* **Work task**: Find how many lines of the records hold the string "Longrightarrow" and reply with only that total.

Dataset entries
=-=-=

lemma mem_shift: "x \<in> shift \<beta> P \<longleftrightarrow> (fst x - fst \<beta>, snd x - snd \<beta>) \<in> P"
  unfolding shift_def by (cases x; cases \<beta>) force

lemma mem_shift_Pi2_self: "\<beta> \<in> shift \<beta> Pi2"
  by (simp add: mem_shift Pi2_def)

lemma mem_shift_Pi2_antisym: "\<alpha> \<in> shift \<beta> Pi2 \<Longrightarrow> \<beta> \<in> shift \<alpha> Pi2 \<Longrightarrow> \<alpha> = \<beta>"
  by (cases \<alpha>; cases \<beta>) (auto simp: mem_shift Pi2_def)

lemma F2_vanish:
  assumes "f \<in> F2 A I \<theta> \<beta>" and "Jw \<theta> v \<notin> shift \<beta> Pi2"
  shows "f (u @ v) = 0"
  using assms(1) unfolding F2_def
  by (rule lin_span_vanish) (use assms(2) in \<open>auto simp: Rset_def\<close>)

lemma F2lt_vanish:
  assumes "f \<in> F2lt A I \<theta> \<beta>" and "Jw \<theta> v = \<beta>"
  shows "f (u @ v) = 0"
  using assms(1) unfolding F2lt_def
proof (rule lin_span_vanish)
  fix s assume "s \<in> \<Union>{F2 A I \<theta> \<beta>' |\<beta>'. \<beta>' \<in> Gam \<theta> I \<and> le2 \<beta>' \<beta> \<and> \<beta>' \<noteq> \<beta>}"
  then obtain \<beta>' where "s \<in> F2 A I \<theta> \<beta>'" "le2 \<beta>' \<beta>" "\<beta>' \<noteq> \<beta>" by blast
  moreover from this have "\<beta> \<notin> shift \<beta>' Pi2"
    using mem_shift_Pi2_antisym mem_shift_Pi2_self unfolding le2_def by blast
  ultimately show "s (u @ v) = 0" using F2_vanish assms(2) by blast
qed

lemma Jw_replicate_mem_Gam: "i \<in> I \<Longrightarrow> Jw \<theta> (replicate n i) \<in> Gam \<theta> I"
  unfolding Gam_def by auto

(* For M beyond the length of every word in play, the grade (m, -m) is attained exactly by the
   word i^m, and every other word has positive second coordinate. *)
definition isolating_theta :: "nat \<Rightarrow> 'i \<Rightarrow> 'i \<Rightarrow> real" where
  "isolating_theta M i = (\<lambda>j. if j = i then -1 else real M)"

lemma Jw_isolating_theta:
  "Jw (isolating_theta M i) v = (int (length v),
     real M * real (length (filter (\<lambda>j. j \<noteq> i) v)) - real (length (filter (\<lambda>j. j = i) v)))"
  by (induction v) (auto simp: Jw_def isolating_theta_def algebra_simps)

lemma Jw_isolating_theta_replicate: "Jw (isolating_theta M i) (replicate m i) = (int m, - real m)"
  by (simp add: Jw_isolating_theta)

lemma Jw_isolating_theta_eq_iff: "Jw (isolating_theta M i) v = (int n, - real n) \<longleftrightarrow> v = replicate n i"
proof
  assume grade: "Jw (isolating_theta M i) v = (int n, - real n)"
  let ?k = "length (filter (\<lambda>j. j \<noteq> i) v)" and ?m = "length (filter (\<lambda>j. j = i) v)"
  have "?m + ?k = length v" using sum_length_filter_compl[of "\<lambda>j. j = i" v] by simp
  with grade have "(real M + 1) * real ?k = 0" by (simp add: Jw_isolating_theta algebra_simps)
  then have "filter (\<lambda>j. j \<noteq> i) v = []" by (simp add: add_nonneg_eq_0_iff)
  then show "v = replicate n i"
    using grade by (auto simp: Jw_isolating_theta filter_empty_conv intro: replicate_eqI)
qed (simp add: Jw_isolating_theta_replicate)

lemma Jw_isolating_theta_pos:
  assumes "length v < M" and "v \<noteq> replicate (length v) i"
  shows "snd (Jw (isolating_theta M i) v) > 0"
proof -
  have "filter (\<lambda>j. j \<noteq> i) v \<noteq> []"
    using assms(2) by (auto simp: filter_empty_conv intro: replicate_eqI)
  then have "1 \<le> real (length (filter (\<lambda>j. j \<noteq> i) v))"
    by (simp add: Suc_le_eq)
  then have "real M \<le> real M * real (length (filter (\<lambda>j. j \<noteq> i) v))"
    using mult_left_mono[of 1 _ "real M"] by simp
  moreover have "real (length (filter (\<lambda>j. j = i) v)) < real M"
    using assms(1) length_filter_le le_less_trans of_nat_less_iff by blast
  ultimately show ?thesis unfolding Jw_isolating_theta snd_conv by linarith
qed

lemma mem_F2_isolating_theta:
  assumes "f \<in> Ocar A I" "Gam_hom (isolating_theta M i) f"
    and short: "\<And>w. f w \<noteq> 0 \<Longrightarrow> length w < M"
    and vanish: "\<And>u m. k < m \<Longrightarrow> f (u @ replicate m i) = 0"
  shows "f \<in> F2 A I (isolating_theta M i) (int k, - real k)"
  unfolding F2_def
proof (rule lin_span_base, intro CollectI conjI assms(1,2) subsetI)
  fix x assume "x \<in> Rset (isolating_theta M i) f"
  then obtain u v where x: "x = Jw (isolating_theta M i) v" and nonzero: "f (u @ v) \<noteq> 0"
    unfolding Rset_def by blast
  show "x \<in> shift (int k, - real k) Pi2"
  proof (cases "v = replicate (length v) i")
    case True
    have "length v \<le> k"
    proof (rule ccontr)
      assume "\<not> length v \<le> k"
      then have "f (u @ v) = 0" using vanish[of "length v" u] True by simp
      with nonzero show False by simp
    qed
    then show ?thesis by (subst x, subst True) (auto simp: Jw_isolating_theta_replicate mem_shift Pi2_def)
  next
    case False
    have "length v < M" using short[OF nonzero] by simp
    then have "0 < snd x" using Jw_isolating_theta_pos False x by simp
    then show ?thesis by (simp add: mem_shift Pi2_def)
  qed
qed

section \<open>Polite bases are perfect\<close>

lemma politeD:
  assumes "polite A I B"
  shows "is_basis_of (Ocar A I) B"
    and "\<forall>b\<in>B. weight_vector b"
    and "\<forall>i\<in>I. \<forall>n. opow (zeta i) n \<in> B"
    and "\<forall>\<gamma>\<in>Gam \<theta> I. F1 A I \<theta> \<gamma> = lin_span (B \<inter> F1 A I \<theta> \<gamma>)"
    and "{Dbar1 \<theta> \<alpha> b | \<alpha> b. \<alpha> \<in> Gam \<theta> I \<and> b \<in> B \<and> b \<in> F1 A I \<theta> \<alpha> \<and> b \<notin> F1lt A I \<theta> \<alpha>}
      = {otensor b\<^sub>1 b\<^sub>2 | b\<^sub>1 b\<^sub>2. b\<^sub>1 \<in> B \<inter> Ogt0 A I \<theta> \<and> b\<^sub>2 \<in> B \<inter> Ole0 A I \<theta>}"
    and "\<forall>\<gamma>\<in>Gam \<theta> I. F2 A I \<theta> \<gamma> = lin_span (B \<inter> F2 A I \<theta> \<gamma>)"
    and "{Dbar2 \<theta> \<beta> b | \<beta> b. \<beta> \<in> Gam \<theta> I \<and> b \<in> B \<and> b \<in> F2 A I \<theta> \<beta> \<and> b \<notin> F2lt A I \<theta> \<beta>}
      = {otensor b\<^sub>1 b\<^sub>2 | b\<^sub>1 b\<^sub>2. b\<^sub>1 \<in> B \<inter> Oge0 A I \<theta> \<and> b\<^sub>2 \<in> B \<inter> Olt0 A I \<theta>}"
  using assms unfolding polite_def by - (elim conjE, erule allE[of _ \<theta>], elim conjE, assumption)+

lemma polite_basis_element:
  assumes "polite A I B" "b \<in> B"
  shows "b \<in> Ocar A I" and "finite {w. b w \<noteq> 0}" and "b \<noteq> (\<lambda>w. 0)" and "weight_vector b"
proof -
  have "B \<subseteq> Ocar A I" "lin_indep B" using politeD(1)[OF assms(1)] unfolding is_basis_of_def by blast+
  then show "b \<in> Ocar A I" "b \<noteq> (\<lambda>w. 0)" using assms(2) lin_indep_nonzero by blast+
  then show "finite {w. b w \<noteq> 0}" by (simp add: Ocar_def)
  show "weight_vector b" using politeD(2)[OF assms(1)] assms(2) by blast
qed

lemma polite_Dbar2_factor:
  assumes "polite A I B" "\<beta> \<in> Gam \<theta> I" "b \<in> B" "b \<in> F2 A I \<theta> \<beta>" "b \<notin> F2lt A I \<theta> \<beta>"
  obtains b\<^sub>1 b\<^sub>2 where "b\<^sub>1 \<in> B" "b\<^sub>2 \<in> B" "Dbar2 \<theta> \<beta> b = otensor b\<^sub>1 b\<^sub>2"
proof -
  have "Dbar2 \<theta> \<beta> b \<in> {Dbar2 \<theta> \<beta> b | \<beta> b. \<beta> \<in> Gam \<theta> I \<and> b \<in> B \<and> b \<in> F2 A I \<theta> \<beta> \<and> b \<notin> F2lt A I \<theta> \<beta>}"
    using assms(2-5) by blast
  then show ?thesis unfolding politeD(7)[OF assms(1)] using that by blast
qed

=-=-=

* **Task answer**: 4